Which lines below fall between the one containing "using c g unfolding comb" and the one containing "g)) \<longlongrightarrow> vnorm c)"? Repeat them exactly, counting both of those lines, and add nothing else.

--------------------

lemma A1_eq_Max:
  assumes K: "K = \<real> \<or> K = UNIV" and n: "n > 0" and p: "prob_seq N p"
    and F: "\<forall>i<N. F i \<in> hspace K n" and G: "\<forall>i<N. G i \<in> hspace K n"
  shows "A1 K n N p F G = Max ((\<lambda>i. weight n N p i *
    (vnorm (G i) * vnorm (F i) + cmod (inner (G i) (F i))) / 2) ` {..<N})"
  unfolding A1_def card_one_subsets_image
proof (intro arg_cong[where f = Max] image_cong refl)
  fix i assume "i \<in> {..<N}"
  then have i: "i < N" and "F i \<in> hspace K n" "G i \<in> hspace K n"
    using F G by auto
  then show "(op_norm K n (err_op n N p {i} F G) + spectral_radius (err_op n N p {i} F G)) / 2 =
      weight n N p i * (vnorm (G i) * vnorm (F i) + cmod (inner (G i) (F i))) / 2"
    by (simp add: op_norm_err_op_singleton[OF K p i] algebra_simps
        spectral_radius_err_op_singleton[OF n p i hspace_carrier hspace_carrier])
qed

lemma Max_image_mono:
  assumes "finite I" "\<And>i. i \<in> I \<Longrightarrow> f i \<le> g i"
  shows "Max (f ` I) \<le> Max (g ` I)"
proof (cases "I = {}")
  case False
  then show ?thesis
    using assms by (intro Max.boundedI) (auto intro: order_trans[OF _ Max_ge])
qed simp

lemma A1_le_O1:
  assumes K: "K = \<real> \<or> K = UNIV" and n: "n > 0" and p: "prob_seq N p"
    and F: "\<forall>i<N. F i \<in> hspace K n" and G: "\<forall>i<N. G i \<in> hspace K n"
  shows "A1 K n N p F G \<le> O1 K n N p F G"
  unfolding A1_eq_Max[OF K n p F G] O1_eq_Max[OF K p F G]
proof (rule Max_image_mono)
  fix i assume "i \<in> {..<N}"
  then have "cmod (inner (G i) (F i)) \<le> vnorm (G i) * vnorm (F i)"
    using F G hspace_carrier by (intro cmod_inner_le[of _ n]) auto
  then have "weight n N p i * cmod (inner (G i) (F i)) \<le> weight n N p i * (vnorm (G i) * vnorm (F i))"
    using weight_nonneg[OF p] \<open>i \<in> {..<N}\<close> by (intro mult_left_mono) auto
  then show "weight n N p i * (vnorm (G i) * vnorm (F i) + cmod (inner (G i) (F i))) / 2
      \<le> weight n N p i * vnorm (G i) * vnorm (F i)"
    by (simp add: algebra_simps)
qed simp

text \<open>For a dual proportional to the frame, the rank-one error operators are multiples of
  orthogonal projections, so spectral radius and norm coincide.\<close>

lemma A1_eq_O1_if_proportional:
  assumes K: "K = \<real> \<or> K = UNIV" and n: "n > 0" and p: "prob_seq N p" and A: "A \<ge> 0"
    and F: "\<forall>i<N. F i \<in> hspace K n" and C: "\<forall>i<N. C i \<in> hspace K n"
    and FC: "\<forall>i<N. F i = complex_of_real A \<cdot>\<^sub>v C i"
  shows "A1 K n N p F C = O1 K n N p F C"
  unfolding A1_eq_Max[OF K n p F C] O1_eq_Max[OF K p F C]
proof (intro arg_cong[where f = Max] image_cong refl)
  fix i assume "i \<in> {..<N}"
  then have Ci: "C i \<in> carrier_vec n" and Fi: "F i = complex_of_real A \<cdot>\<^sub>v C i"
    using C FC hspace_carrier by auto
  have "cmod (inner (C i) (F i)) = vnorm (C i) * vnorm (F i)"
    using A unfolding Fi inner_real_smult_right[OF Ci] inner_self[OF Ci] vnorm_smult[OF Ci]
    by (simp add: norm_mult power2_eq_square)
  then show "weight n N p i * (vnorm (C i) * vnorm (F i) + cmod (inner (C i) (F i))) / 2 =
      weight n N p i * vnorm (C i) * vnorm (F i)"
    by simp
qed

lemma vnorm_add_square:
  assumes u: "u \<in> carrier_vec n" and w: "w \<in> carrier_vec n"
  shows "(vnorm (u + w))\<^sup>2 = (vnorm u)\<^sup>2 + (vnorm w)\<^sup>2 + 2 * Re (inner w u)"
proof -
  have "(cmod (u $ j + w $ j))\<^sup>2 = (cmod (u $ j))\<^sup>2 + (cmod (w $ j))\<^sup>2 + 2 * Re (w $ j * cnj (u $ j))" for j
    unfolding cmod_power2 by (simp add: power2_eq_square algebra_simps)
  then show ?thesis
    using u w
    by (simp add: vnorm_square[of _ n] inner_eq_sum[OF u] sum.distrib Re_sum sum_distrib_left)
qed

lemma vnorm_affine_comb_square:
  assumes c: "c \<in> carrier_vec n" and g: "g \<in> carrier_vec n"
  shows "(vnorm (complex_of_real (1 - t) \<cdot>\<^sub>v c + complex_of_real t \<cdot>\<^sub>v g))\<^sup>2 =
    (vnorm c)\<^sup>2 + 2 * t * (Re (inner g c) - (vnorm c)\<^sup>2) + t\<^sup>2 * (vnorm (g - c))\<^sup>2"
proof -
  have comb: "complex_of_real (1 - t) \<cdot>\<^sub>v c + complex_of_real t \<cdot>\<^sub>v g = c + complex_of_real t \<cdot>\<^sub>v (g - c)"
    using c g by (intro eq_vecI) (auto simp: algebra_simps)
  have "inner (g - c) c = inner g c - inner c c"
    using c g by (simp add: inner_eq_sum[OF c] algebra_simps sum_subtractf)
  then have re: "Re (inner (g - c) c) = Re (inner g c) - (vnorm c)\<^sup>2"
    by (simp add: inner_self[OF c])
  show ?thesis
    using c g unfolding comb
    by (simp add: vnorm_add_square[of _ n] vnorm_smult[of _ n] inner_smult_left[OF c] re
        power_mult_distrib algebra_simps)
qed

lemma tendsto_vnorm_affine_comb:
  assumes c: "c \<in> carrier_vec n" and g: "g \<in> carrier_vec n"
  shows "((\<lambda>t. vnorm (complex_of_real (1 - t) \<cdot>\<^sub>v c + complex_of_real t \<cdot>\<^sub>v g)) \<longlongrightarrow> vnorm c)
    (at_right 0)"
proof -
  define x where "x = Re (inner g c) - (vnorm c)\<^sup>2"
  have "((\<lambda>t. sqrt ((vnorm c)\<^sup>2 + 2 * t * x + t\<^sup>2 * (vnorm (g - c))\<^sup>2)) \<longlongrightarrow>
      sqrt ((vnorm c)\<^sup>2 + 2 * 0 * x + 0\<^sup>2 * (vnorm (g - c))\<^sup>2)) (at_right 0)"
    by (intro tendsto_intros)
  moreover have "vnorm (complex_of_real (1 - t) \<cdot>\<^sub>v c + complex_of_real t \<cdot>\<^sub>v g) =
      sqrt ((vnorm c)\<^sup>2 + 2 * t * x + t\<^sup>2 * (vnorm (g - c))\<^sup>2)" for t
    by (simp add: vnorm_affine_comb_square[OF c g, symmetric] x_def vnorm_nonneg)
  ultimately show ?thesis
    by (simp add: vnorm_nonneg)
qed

--------------------

◆ Result
    using c g unfolding comb
    by (simp add: vnorm_add_square[of _ n] vnorm_smult[of _ n] inner_smult_left[OF c] re
        power_mult_distrib algebra_simps)
qed

lemma tendsto_vnorm_affine_comb:
  assumes c: "c \<in> carrier_vec n" and g: "g \<in> carrier_vec n"
  shows "((\<lambda>t. vnorm (complex_of_real (1 - t) \<cdot>\<^sub>v c + complex_of_real t \<cdot>\<^sub>v g)) \<longlongrightarrow> vnorm c)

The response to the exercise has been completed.